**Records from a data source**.

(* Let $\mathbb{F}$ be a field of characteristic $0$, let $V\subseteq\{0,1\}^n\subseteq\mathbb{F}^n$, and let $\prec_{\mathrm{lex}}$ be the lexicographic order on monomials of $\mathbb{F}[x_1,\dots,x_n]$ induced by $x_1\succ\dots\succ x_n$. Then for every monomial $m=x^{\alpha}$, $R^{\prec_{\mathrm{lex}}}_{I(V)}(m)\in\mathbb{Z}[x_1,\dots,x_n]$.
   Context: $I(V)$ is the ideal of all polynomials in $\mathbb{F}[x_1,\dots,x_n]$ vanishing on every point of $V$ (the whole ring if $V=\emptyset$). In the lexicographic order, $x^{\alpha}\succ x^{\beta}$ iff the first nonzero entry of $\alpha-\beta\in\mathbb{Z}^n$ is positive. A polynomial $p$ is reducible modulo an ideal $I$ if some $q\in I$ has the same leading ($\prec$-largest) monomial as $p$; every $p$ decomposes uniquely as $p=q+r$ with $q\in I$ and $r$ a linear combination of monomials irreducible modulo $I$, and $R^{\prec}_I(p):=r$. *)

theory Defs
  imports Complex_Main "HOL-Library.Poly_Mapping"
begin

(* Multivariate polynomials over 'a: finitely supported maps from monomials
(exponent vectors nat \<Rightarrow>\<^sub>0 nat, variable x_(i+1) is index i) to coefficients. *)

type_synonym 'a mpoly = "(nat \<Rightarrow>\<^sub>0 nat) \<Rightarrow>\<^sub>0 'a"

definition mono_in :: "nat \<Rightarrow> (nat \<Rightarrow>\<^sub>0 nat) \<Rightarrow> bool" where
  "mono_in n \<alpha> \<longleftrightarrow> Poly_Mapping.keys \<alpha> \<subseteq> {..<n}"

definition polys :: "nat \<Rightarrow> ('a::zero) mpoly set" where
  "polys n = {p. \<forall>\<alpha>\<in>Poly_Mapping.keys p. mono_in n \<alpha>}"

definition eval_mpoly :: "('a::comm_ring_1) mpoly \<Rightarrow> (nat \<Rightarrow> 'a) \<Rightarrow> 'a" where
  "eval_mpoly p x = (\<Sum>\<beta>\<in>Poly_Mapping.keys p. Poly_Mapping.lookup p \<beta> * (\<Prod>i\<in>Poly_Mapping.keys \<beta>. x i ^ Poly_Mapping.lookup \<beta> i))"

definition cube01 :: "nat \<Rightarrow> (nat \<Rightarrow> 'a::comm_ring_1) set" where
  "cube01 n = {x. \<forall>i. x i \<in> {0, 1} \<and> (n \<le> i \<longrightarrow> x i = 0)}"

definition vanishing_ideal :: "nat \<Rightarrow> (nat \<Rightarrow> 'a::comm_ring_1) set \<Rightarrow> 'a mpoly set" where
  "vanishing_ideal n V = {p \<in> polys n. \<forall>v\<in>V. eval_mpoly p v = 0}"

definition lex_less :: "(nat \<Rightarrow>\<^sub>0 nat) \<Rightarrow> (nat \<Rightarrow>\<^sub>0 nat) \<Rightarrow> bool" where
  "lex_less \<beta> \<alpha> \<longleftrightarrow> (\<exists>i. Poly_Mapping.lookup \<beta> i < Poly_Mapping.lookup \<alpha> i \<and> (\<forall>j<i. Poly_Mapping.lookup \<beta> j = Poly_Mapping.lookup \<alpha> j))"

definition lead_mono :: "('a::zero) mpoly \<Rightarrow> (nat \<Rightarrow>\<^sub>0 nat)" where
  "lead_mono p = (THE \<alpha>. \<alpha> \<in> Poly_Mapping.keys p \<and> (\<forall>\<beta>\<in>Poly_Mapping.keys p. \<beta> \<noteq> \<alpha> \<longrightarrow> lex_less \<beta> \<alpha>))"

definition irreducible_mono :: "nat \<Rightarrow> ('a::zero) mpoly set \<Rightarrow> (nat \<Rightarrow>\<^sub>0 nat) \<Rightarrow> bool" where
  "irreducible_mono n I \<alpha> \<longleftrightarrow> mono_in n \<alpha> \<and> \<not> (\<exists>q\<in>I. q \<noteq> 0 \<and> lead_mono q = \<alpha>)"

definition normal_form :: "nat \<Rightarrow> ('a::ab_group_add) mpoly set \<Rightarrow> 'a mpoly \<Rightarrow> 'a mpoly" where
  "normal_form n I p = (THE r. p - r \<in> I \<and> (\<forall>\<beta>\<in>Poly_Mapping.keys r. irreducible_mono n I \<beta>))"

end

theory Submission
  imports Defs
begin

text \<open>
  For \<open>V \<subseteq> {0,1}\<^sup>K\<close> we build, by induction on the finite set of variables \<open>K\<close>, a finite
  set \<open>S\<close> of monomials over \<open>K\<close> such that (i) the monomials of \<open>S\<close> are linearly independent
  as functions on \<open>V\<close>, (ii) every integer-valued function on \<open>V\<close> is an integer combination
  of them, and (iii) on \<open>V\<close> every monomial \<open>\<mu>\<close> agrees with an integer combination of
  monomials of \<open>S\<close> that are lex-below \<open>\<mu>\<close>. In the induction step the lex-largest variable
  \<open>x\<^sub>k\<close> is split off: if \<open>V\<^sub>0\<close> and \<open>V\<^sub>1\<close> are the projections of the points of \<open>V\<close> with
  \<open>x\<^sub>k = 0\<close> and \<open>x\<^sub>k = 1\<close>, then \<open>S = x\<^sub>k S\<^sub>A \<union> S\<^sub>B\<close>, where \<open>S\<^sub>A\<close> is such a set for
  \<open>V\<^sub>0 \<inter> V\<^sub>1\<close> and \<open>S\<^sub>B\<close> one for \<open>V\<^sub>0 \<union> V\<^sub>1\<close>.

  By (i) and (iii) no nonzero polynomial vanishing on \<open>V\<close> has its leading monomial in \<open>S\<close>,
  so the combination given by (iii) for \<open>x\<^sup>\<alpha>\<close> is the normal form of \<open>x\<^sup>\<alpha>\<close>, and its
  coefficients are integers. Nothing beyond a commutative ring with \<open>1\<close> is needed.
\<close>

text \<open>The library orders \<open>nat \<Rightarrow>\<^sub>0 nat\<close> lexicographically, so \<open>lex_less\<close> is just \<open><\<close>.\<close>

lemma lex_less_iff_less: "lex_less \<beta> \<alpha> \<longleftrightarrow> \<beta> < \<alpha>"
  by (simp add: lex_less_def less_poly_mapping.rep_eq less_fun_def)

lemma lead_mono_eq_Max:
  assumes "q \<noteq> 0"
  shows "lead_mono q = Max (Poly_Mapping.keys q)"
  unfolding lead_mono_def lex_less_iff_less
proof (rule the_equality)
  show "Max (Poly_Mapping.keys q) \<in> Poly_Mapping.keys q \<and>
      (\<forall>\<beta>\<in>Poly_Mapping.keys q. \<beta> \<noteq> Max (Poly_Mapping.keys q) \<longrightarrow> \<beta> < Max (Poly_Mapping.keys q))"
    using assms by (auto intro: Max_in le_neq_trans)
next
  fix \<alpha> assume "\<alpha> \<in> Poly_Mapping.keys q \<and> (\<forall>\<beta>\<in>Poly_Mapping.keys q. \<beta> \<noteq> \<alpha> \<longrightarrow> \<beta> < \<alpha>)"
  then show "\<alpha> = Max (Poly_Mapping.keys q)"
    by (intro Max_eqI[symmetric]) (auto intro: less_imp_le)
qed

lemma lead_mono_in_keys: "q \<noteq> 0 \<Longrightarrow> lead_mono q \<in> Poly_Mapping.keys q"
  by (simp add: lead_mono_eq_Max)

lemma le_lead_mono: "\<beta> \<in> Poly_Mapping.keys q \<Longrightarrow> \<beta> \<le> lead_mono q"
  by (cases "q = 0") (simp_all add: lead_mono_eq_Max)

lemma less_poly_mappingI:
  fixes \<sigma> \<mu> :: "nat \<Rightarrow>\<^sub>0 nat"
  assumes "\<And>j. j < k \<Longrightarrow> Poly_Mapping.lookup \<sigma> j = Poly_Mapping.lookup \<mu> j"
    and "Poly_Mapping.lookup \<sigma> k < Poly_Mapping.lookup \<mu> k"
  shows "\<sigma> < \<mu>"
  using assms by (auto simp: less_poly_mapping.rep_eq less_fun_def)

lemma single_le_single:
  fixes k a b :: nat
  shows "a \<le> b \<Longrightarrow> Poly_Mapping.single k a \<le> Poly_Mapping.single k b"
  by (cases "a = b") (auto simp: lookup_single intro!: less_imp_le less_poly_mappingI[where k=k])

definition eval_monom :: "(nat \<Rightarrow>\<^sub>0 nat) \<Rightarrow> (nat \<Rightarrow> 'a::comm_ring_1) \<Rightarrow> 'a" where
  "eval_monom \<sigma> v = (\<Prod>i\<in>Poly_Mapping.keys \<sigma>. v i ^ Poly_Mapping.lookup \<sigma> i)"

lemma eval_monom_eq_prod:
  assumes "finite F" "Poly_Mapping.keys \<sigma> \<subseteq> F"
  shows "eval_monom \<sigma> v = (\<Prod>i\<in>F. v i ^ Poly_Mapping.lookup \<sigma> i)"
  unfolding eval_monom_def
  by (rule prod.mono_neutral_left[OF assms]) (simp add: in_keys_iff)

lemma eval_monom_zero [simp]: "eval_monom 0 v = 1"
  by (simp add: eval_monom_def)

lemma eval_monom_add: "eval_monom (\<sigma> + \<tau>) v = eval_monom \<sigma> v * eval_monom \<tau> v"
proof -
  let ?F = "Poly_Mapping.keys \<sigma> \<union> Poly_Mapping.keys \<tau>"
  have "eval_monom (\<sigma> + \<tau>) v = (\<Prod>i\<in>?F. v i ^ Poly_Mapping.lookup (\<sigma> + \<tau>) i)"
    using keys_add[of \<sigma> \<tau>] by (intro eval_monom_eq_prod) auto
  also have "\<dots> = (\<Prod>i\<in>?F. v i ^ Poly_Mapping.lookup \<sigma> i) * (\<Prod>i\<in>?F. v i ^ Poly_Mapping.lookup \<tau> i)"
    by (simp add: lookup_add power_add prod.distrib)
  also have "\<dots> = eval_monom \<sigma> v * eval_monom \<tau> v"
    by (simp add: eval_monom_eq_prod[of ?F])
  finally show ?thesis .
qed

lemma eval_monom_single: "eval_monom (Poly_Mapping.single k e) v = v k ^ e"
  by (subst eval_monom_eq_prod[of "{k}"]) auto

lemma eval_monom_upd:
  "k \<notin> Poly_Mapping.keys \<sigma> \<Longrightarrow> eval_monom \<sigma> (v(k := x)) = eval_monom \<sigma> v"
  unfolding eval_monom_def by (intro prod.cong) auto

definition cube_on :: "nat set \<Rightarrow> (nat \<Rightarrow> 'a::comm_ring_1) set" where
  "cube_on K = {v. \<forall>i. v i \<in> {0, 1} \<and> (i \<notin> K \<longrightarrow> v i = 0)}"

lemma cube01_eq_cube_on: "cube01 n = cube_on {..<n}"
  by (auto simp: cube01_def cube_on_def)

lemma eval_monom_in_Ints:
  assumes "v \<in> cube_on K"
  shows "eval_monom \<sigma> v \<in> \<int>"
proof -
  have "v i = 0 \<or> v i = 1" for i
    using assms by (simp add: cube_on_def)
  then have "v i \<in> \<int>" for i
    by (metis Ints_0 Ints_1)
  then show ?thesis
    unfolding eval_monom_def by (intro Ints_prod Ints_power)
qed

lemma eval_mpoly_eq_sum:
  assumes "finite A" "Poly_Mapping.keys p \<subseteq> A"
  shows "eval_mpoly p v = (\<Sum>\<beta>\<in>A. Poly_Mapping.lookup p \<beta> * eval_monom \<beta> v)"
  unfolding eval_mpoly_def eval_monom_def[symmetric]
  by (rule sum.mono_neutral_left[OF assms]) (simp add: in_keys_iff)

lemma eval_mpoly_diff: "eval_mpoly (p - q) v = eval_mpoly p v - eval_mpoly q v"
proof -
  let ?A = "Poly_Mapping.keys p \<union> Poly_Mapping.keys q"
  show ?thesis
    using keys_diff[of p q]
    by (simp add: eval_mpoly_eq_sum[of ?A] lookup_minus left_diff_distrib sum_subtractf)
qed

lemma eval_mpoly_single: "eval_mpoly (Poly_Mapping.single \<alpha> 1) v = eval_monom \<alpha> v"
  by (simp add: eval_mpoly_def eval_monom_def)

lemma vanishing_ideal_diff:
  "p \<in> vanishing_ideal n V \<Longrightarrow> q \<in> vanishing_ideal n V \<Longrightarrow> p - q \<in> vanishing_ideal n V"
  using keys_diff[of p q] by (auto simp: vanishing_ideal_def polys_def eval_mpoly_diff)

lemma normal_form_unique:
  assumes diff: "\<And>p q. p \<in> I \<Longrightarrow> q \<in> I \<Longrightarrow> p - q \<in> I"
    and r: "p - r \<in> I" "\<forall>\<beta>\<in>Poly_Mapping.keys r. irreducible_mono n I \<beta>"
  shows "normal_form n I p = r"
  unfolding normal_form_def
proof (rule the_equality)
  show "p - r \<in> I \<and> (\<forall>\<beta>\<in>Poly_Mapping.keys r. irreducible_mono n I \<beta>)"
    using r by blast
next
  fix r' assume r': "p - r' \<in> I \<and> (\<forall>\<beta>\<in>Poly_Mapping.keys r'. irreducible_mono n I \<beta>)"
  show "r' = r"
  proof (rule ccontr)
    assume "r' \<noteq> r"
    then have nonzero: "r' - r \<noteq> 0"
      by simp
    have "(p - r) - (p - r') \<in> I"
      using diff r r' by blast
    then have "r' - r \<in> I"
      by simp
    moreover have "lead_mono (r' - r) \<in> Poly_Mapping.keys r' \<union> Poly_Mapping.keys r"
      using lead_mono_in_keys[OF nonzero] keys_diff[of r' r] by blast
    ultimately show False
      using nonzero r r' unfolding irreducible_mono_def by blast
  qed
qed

**Task goal**. Only one stretch of the data above is needed. Restate it word for word, from the line containing "(exponent vectors nat" through the line containing "nat) \<Rightarrow> (nat \<Rightarrow>\<^sub>0", both ends included.

**Written solution**.
(exponent vectors nat \<Rightarrow>\<^sub>0 nat, variable x_(i+1) is index i) to coefficients. *)

type_synonym 'a mpoly = "(nat \<Rightarrow>\<^sub>0 nat) \<Rightarrow>\<^sub>0 'a"

definition mono_in :: "nat \<Rightarrow> (nat \<Rightarrow>\<^sub>0 nat) \<Rightarrow> bool" where
  "mono_in n \<alpha> \<longleftrightarrow> Poly_Mapping.keys \<alpha> \<subseteq> {..<n}"

definition polys :: "nat \<Rightarrow> ('a::zero) mpoly set" where
  "polys n = {p. \<forall>\<alpha>\<in>Poly_Mapping.keys p. mono_in n \<alpha>}"

definition eval_mpoly :: "('a::comm_ring_1) mpoly \<Rightarrow> (nat \<Rightarrow> 'a) \<Rightarrow> 'a" where
  "eval_mpoly p x = (\<Sum>\<beta>\<in>Poly_Mapping.keys p. Poly_Mapping.lookup p \<beta> * (\<Prod>i\<in>Poly_Mapping.keys \<beta>. x i ^ Poly_Mapping.lookup \<beta> i))"

definition cube01 :: "nat \<Rightarrow> (nat \<Rightarrow> 'a::comm_ring_1) set" where
  "cube01 n = {x. \<forall>i. x i \<in> {0, 1} \<and> (n \<le> i \<longrightarrow> x i = 0)}"

definition vanishing_ideal :: "nat \<Rightarrow> (nat \<Rightarrow> 'a::comm_ring_1) set \<Rightarrow> 'a mpoly set" where
  "vanishing_ideal n V = {p \<in> polys n. \<forall>v\<in>V. eval_mpoly p v = 0}"

definition lex_less :: "(nat \<Rightarrow>\<^sub>0 nat) \<Rightarrow> (nat \<Rightarrow>\<^sub>0 nat) \<Rightarrow> bool" where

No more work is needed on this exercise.